WASHINGTON — For many working Americans, Labor Day is a welcome day of rest. But for the 20 million who are unemployed, underemployed, or who have given up looking for work, it's just another reminder of the slowest economic recovery since the Great Depression.
More than ever, dispirited workers and discouraged businesses need to hear concrete ideas for putting our economy back on track and our nation back to work.
Over the past year, the U.S. Chamber of Commerce has advanced an ambitious, practical and common-sense American Jobs and Growth Agenda to spur our economy and create millions of jobs — without raising taxes or adding to the deficit.
America should make strong investments in natural resources and infrastructure. Here's how:
We are on the cusp of an energy revolution that could employ millions of Americans, reduce our dangerous dependence on foreign sources, generate billions in government revenues, and reinvigorate U.S. manufacturing.
To realize that potential, let's remove barriers to our vast domestic resources and strengthen our supply through key energy infrastructure projects, like the Keystone XL pipeline.
At the same time, we must modernize our overall infrastructure system and knock down roadblocks to $250 billion in private capital.

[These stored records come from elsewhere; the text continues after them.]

text \<open>By Krull's lemma the radical of an ideal is the intersection of the primes containing it,
  so density says: for every prime P of B and every b \<notin> P there is a \<notin> P with ab \<in> A.
  Injectivity follows since b \<in> P - Q would give a \<notin> Q with ab \<in> P \<inter> A = Q \<inter> A.
  Openness: the contraction of the basic open set D(S) is the trace of D(T) with T = A \<inter> BS.
  Conversely, if b \<notin> P, write the contraction of D(b) as the trace of some D(T) and pick
  t \<in> T - P. By injectivity t lies in every prime containing b, so t^n = cb for some n and c;
  then cb \<in> A and c \<notin> P.\<close>

lemma (in cring) maximal_ideal_avoiding_powers_is_prime:
  assumes M: "ideal M R" and x: "x \<in> carrier R"
    and avoid: "\<And>n::nat. x [^] n \<notin> M"
    and maximal: "\<And>K. ideal K R \<Longrightarrow> M \<subseteq> K \<Longrightarrow> (\<forall>n::nat. x [^] n \<notin> K) \<Longrightarrow> K = M"
  shows "primeideal M R"
proof -
  interpret M: ideal M R by fact
  have enlarge: "\<exists>n m r. m \<in> M \<and> r \<in> carrier R \<and> x [^] (n::nat) = m \<oplus> r \<otimes> a"
    if a: "a \<in> carrier R" "a \<notin> M" for a
  proof (rule ccontr)
    assume none: "\<not> ?thesis"
    let ?K = "M <+>\<^bsub>R\<^esub> PIdl a"
    have K_eq: "?K = {y. \<exists>m r. m \<in> M \<and> r \<in> carrier R \<and> y = m \<oplus> r \<otimes> a}"
      unfolding set_add_def' cgenideal_def by blast
    have "m \<in> ?K" if "m \<in> M" for m
      using that a unfolding K_eq by (intro CollectI exI[of _ m] exI[of _ \<zero>]) auto
    then have "?K = M"
      using maximal[of ?K] add_ideals[OF M cgenideal_ideal[OF a(1)]] none unfolding K_eq by blast
    moreover have "a \<in> ?K"
      using a unfolding K_eq by (intro CollectI exI[of _ \<zero>] exI[of _ \<one>]) auto
    ultimately show False using a by blast
  qed
  show ?thesis
  proof (rule primeidealI[OF M is_cring])
    show "carrier R \<noteq> M" using avoid[of 0] by auto
  next
    fix a b assume ab: "a \<in> carrier R" "b \<in> carrier R" "a \<otimes> b \<in> M"
    show "a \<in> M \<or> b \<in> M"
    proof (rule ccontr)
      assume "\<not> (a \<in> M \<or> b \<in> M)"
      then obtain n m1 r k m2 s where
        m1: "m1 \<in> M" "r \<in> carrier R" "x [^] (n::nat) = m1 \<oplus> r \<otimes> a" and
        m2: "m2 \<in> M" "s \<in> carrier R" "x [^] (k::nat) = m2 \<oplus> s \<otimes> b"
        using enlarge[of a] enlarge[of b] ab by blast
      have carr: "m1 \<in> carrier R" "m2 \<in> carrier R" using m1(1) m2(1) by auto
      have "x [^] (n + k) = x [^] n \<otimes> x [^] k" using x by (simp add: nat_pow_mult)
      also have "\<dots> = m1 \<otimes> (m2 \<oplus> s \<otimes> b) \<oplus> ((r \<otimes> a) \<otimes> m2 \<oplus> (r \<otimes> s) \<otimes> (a \<otimes> b))"
      proof -
        have "(r \<otimes> a) \<otimes> (s \<otimes> b) = (r \<otimes> s) \<otimes> (a \<otimes> b)"
          using m1 m2 ab by (simp add: m_ac)
        then show ?thesis using m1 m2 carr ab by (simp add: l_distr r_distr a_ac)
      qed
      also have "\<dots> \<in> M"
      proof (intro M.a_closed)
        show "m1 \<otimes> (m2 \<oplus> s \<otimes> b) \<in> M" using m1 m2 ab by (simp add: M.I_r_closed)
        show "(r \<otimes> a) \<otimes> m2 \<in> M" using m1 m2 ab by (simp add: M.I_l_closed)
        show "(r \<otimes> s) \<otimes> (a \<otimes> b) \<in> M" using m1 m2 ab by (simp add: M.I_l_closed)
      qed
      finally show False using avoid by blast
    qed
  qed
qed

lemma (in cring) exists_primeideal_avoiding_powers:
  assumes J: "ideal J R" and x: "x \<in> carrier R" and avoid: "\<forall>n::nat. x [^] n \<notin> J"
  obtains P where "primeideal P R" "J \<subseteq> P" "x \<notin> P"
proof -
  define F where "F = {K. ideal K R \<and> J \<subseteq> K \<and> (\<forall>n::nat. x [^] n \<notin> K)}"
  have "\<exists>M\<in>F. \<forall>K\<in>F. M \<subseteq> K \<longrightarrow> K = M"
  proof (rule subset_Zorn_nonempty)
    show "F \<noteq> {}" using J avoid unfolding F_def by auto
  next
    fix C assume C: "C \<noteq> {}" "subset.chain F C"
    then have "subset.chain {I. ideal I R} C" unfolding pred_on.chain_def F_def by auto
    then have "ideal (\<Union>C) R" using chain_Union_is_ideal[of C] C(1) by simp
    moreover have "J \<subseteq> \<Union>C" using C unfolding pred_on.chain_def F_def by blast
    moreover have "\<forall>n::nat. x [^] n \<notin> \<Union>C" using C unfolding pred_on.chain_def F_def by auto
    ultimately show "\<Union>C \<in> F" unfolding F_def by blast
  qed
  then obtain M where "M \<in> F" and maximal: "\<And>K. K \<in> F \<Longrightarrow> M \<subseteq> K \<Longrightarrow> K = M"
    by blast
  then have M: "ideal M R" "J \<subseteq> M" "\<And>n::nat. x [^] n \<notin> M" unfolding F_def by auto
  have "primeideal M R"
  proof (rule maximal_ideal_avoiding_powers_is_prime[OF M(1) x M(3)])
    fix K assume "ideal K R" "M \<subseteq> K" "\<forall>n::nat. x [^] n \<notin> K"
    then show "K = M" using maximal M(2) unfolding F_def by blast
  qed
  moreover have "x \<notin> M" using M(3)[of 1] x by simp
  ultimately show thesis using that M(2) by blast
qed

lemma (in primeideal) pow_mem_imp_mem:
  assumes "x \<in> carrier R" and "x [^] (n::nat) \<in> I"
  shows "x \<in> I"
  using assms(2)
proof (induction n)
  case 0
  then show ?case using I_notcarr one_imp_carrier by simp
next
  case (Suc n)
  then show ?case using I_prime[of "x [^] n" x] assms(1) by auto
qed

lemma rad_eq_Inter_primeideals:
  assumes R: "cring R" and I: "ideal I R"
  shows "rad R I = carrier R \<inter> \<Inter>{P. primeideal P R \<and> I \<subseteq> P}"
proof (intro equalityI subsetI)
  fix x assume "x \<in> rad R I"
  then obtain n :: nat where x: "x \<in> carrier R" "x [^]\<^bsub>R\<^esub> n \<in> I" unfolding rad_def by blast
  have "x \<in> P" if "primeideal P R" "I \<subseteq> P" for P
    using primeideal.pow_mem_imp_mem[OF that(1) x(1)] x(2) that(2) by blast
  then show "x \<in> carrier R \<inter> \<Inter>{P. primeideal P R \<and> I \<subseteq> P}" using x(1) by blast
next
  fix x assume x: "x \<in> carrier R \<inter> \<Inter>{P. primeideal P R \<and> I \<subseteq> P}"
  show "x \<in> rad R I"
  proof (rule ccontr)
    assume "x \<notin> rad R I"
    then have "\<forall>n::nat. x [^]\<^bsub>R\<^esub> n \<notin> I" using x unfolding rad_def by blast
    then obtain P where "primeideal P R" "I \<subseteq> P" "x \<notin> P"
      using cring.exists_primeideal_avoiding_powers[OF R I] x by blast
    then show False using x by blast
  qed
qed

lemma rad_primeideal:
  assumes "cring R" and "primeideal P R"
  shows "rad R P = P"
  using rad_eq_Inter_primeideals[OF assms(1) primeideal.axioms(1)[OF assms(2)]] assms(2)
    ideal.Icarr[OF primeideal.axioms(1)[OF assms(2)]] by blast

lemma primeideal_Int_subring:
  assumes "cring B" and "subring A B" and "primeideal P B"
  shows "primeideal (P \<inter> A) (B\<lparr>carrier := A\<rparr>)"
proof -
  interpret cring B by fact
  have "ring_hom_ring (B\<lparr>carrier := A\<rparr>) B id"
    using subring_is_ring[OF assms(2)] ring_axioms subringE(1)[OF assms(2)]
    by (intro ring_hom_ringI2) (auto simp: ring_hom_def)
  moreover have "cring (B\<lparr>carrier := A\<rparr>)"
    using subcring_iff subcringI' assms(2) subringE(1) by blast
  ultimately have "primeideal {r \<in> A. id r \<in> P} (B\<lparr>carrier := A\<rparr>)"
    using ring_hom_ring.primeideal_vimage assms(3) by fastforce
  moreover have "{r \<in> A. id r \<in> P} = P \<inter> A" by auto
  ultimately show ?thesis by simp
qed

lemma subring_nat_pow_closed:
  assumes "ring B" and "subring A B" and "t \<in> A"
  shows "t [^]\<^bsub>B\<^esub> (n::nat) \<in> A"
  using monoid.nat_pow_closed[OF ring.is_monoid[OF ring.subring_is_ring[OF assms(1,2)]]] assms(3)
    monoid.nat_pow_consistent[OF ring.is_monoid[OF assms(1)]] by fastforce

lemma dense_subring_iff_primeideals:
  assumes B: "cring B"
  shows "dense_subring A B \<longleftrightarrow>
    (\<forall>P\<in>spec B. \<forall>b\<in>carrier B - P. \<exists>a\<in>carrier B - P. a \<otimes>\<^bsub>B\<^esub> b \<in> A)"
proof
  assume dense: "dense_subring A B"
  show "\<forall>P\<in>spec B. \<forall>b\<in>carrier B - P. \<exists>a\<in>carrier B - P. a \<otimes>\<^bsub>B\<^esub> b \<in> A"
  proof (intro ballI)
    fix P b assume "P \<in> spec B" and b: "b \<in> carrier B - P"
    then have "primeideal P B" by (simp add: spec_def)
    then show "\<exists>a\<in>carrier B - P. a \<otimes>\<^bsub>B\<^esub> b \<in> A"
      using dense b rad_primeideal[OF B] primeideal.axioms(1) unfolding dense_subring_def by fastforce
  qed
next
  assume primes: "\<forall>P\<in>spec B. \<forall>b\<in>carrier B - P. \<exists>a\<in>carrier B - P. a \<otimes>\<^bsub>B\<^esub> b \<in> A"
  show "dense_subring A B" unfolding dense_subring_def
  proof (intro allI impI)
    fix I b assume I: "ideal I B" and b: "b \<in> carrier B" "b \<notin> rad B I"
    obtain P where P: "primeideal P B" "I \<subseteq> P" "b \<notin> P"
      using b rad_eq_Inter_primeideals[OF B I] by blast
    then obtain a where a: "a \<in> carrier B - P" "a \<otimes>\<^bsub>B\<^esub> b \<in> A"
      using primes b(1) P(1,3) unfolding spec_def by blast
    moreover have "a \<notin> rad B I" using a P rad_eq_Inter_primeideals[OF B I] by blast
    ultimately show "\<exists>a\<in>carrier B. a \<notin> rad B I \<and> a \<otimes>\<^bsub>B\<^esub> b \<in> A" by blast
  qed
qed

lemma dense_subring_inj_on_contraction:
  assumes B: "cring B" and dense: "dense_subring A B"
  shows "inj_on (\<lambda>P. P \<inter> A) (spec B)"
proof -
  have "P \<subseteq> Q" if PQ: "P \<in> spec B" "Q \<in> spec B" "P \<inter> A = Q \<inter> A" for P Q
  proof
    interpret P: primeideal P B using PQ(1) by (simp add: spec_def)
    interpret Q: primeideal Q B using PQ(2) by (simp add: spec_def)
    fix b assume b: "b \<in> P"
    then have b_carrier: "b \<in> carrier B" by (rule P.Icarr)
    show "b \<in> Q"
    proof (rule ccontr)
      assume "b \<notin> Q"
      then obtain a where a: "a \<in> carrier B - Q" "a \<otimes>\<^bsub>B\<^esub> b \<in> A"
        using dense b_carrier PQ(2) unfolding dense_subring_iff_primeideals[OF B] by blast
      then have "a \<otimes>\<^bsub>B\<^esub> b \<in> Q" using b P.I_l_closed PQ(3) by blast
      then show False using Q.I_prime a(1) b_carrier \<open>b \<notin> Q\<close> by blast
    qed
  qed
  then show ?thesis unfolding inj_on_def by blast
qed

lemma dense_subring_contraction_open:
  assumes B: "cring B" and A: "subring A B" and dense: "dense_subring A B"
    and U: "zariski_open B U"
  shows "\<exists>W. zariski_open (B\<lparr>carrier := A\<rparr>) W \<and>
    (\<lambda>P. P \<inter> A) ` U = W \<inter> (\<lambda>P. P \<inter> A) ` spec B"
proof -
  obtain S where S: "S \<subseteq> carrier B" and U_eq: "U = {P \<in> spec B. \<not> S \<subseteq> P}"
    using U unfolding zariski_open_def by blast
  define T where "T = {t \<in> A. \<exists>s\<in>S. \<exists>c\<in>carrier B. t = c \<otimes>\<^bsub>B\<^esub> s}"
  define W where "W = {Q \<in> spec (B\<lparr>carrier := A\<rparr>). \<not> T \<subseteq> Q}"
  have "P \<inter> A \<in> W \<longleftrightarrow> \<not> S \<subseteq> P" if P: "P \<in> spec B" for P
  proof -
    interpret primeideal P B using P by (simp add: spec_def)
    have "\<not> T \<subseteq> P \<inter> A \<longleftrightarrow> \<not> S \<subseteq> P"
    proof
      assume "\<not> T \<subseteq> P \<inter> A"
      then obtain s c where "s \<in> S" "c \<in> carrier B" "c \<otimes>\<^bsub>B\<^esub> s \<notin> P"
        unfolding T_def by blast
      then show "\<not> S \<subseteq> P" using I_l_closed by blast
    next
      assume "\<not> S \<subseteq> P"
      then obtain s where s: "s \<in> S" "s \<notin> P" by blast
      then obtain a where a: "a \<in> carrier B - P" "a \<otimes>\<^bsub>B\<^esub> s \<in> A"
        using dense S P unfolding dense_subring_iff_primeideals[OF B] by blast
      have "a \<otimes>\<^bsub>B\<^esub> s \<notin> P" using I_prime[of a s] a(1) s S by blast
      then show "\<not> T \<subseteq> P \<inter> A" using a s unfolding T_def by blast
    qed
    moreover have "P \<inter> A \<in> spec (B\<lparr>carrier := A\<rparr>)"
      using primeideal_Int_subring[OF B A] P by (simp add: spec_def)
    ultimately show ?thesis unfolding W_def by blast
  qed
  then have "(\<lambda>P. P \<inter> A) ` U = W \<inter> (\<lambda>P. P \<inter> A) ` spec B"
    unfolding U_eq by blast
  moreover have "zariski_open (B\<lparr>carrier := A\<rparr>) W"
    unfolding zariski_open_def W_def by (intro exI[of _ T]) (auto simp: T_def)
  ultimately show ?thesis by blast
qed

Congressional passage of a multiyear highway bill — after years of short-term extensions — has finally given states, communities and private partners some certainty to begin launching projects. Now the hard work of rebuilding must begin.
America should expand global commerce through trade, investment and tourism. Ninety-five percent of the world's customers live outside the United States. We'll lose access to lucrative global markets — and sales and jobs — without a bold, forward-looking trade agenda.
To create jobs and keep America's economy humming, it is imperative that we advance our competitive edge. We can't allow our ideas, innovations and jobs to be stolen by foreign rogue websites. Nor can we allow our workforce to fall behind. A competitive workforce requires major improvements to our public K-12 education system and high-skilled visa reform.
If businesses are to thrive and hire, we've got to modernize a regulatory system that is currently suffocating business expansion and stifling job creation. Likewise, we've got to rid our legal system of lawsuit abuse that undermines job creation. Finally, our antiquated tax code must be reformed to lower rates for individuals and corporations while broadening the overall tax base.
Congress should act on all these meaningful reforms to give our economy the boost it needs. But in the short term, lawmakers' most urgent task is to prevent us from going over the fiscal cliff.
If Congress allows the tax provisions of 2001 and 2003 to expire and the blunt cuts of sequestration to take effect, things could get a lot worse. The nonpartisan Congressional Budget Office recently echoed the warnings of leading economists that a new American recession could be imminent.
Americans deserve a stronger economy, and free enterprise can deliver it if Congress and the president act to prevent the immediate crisis and begin the work of securing our future.
R. Bruce Josten is executive vice president for government affairs at the U.S. Chamber of Commerce.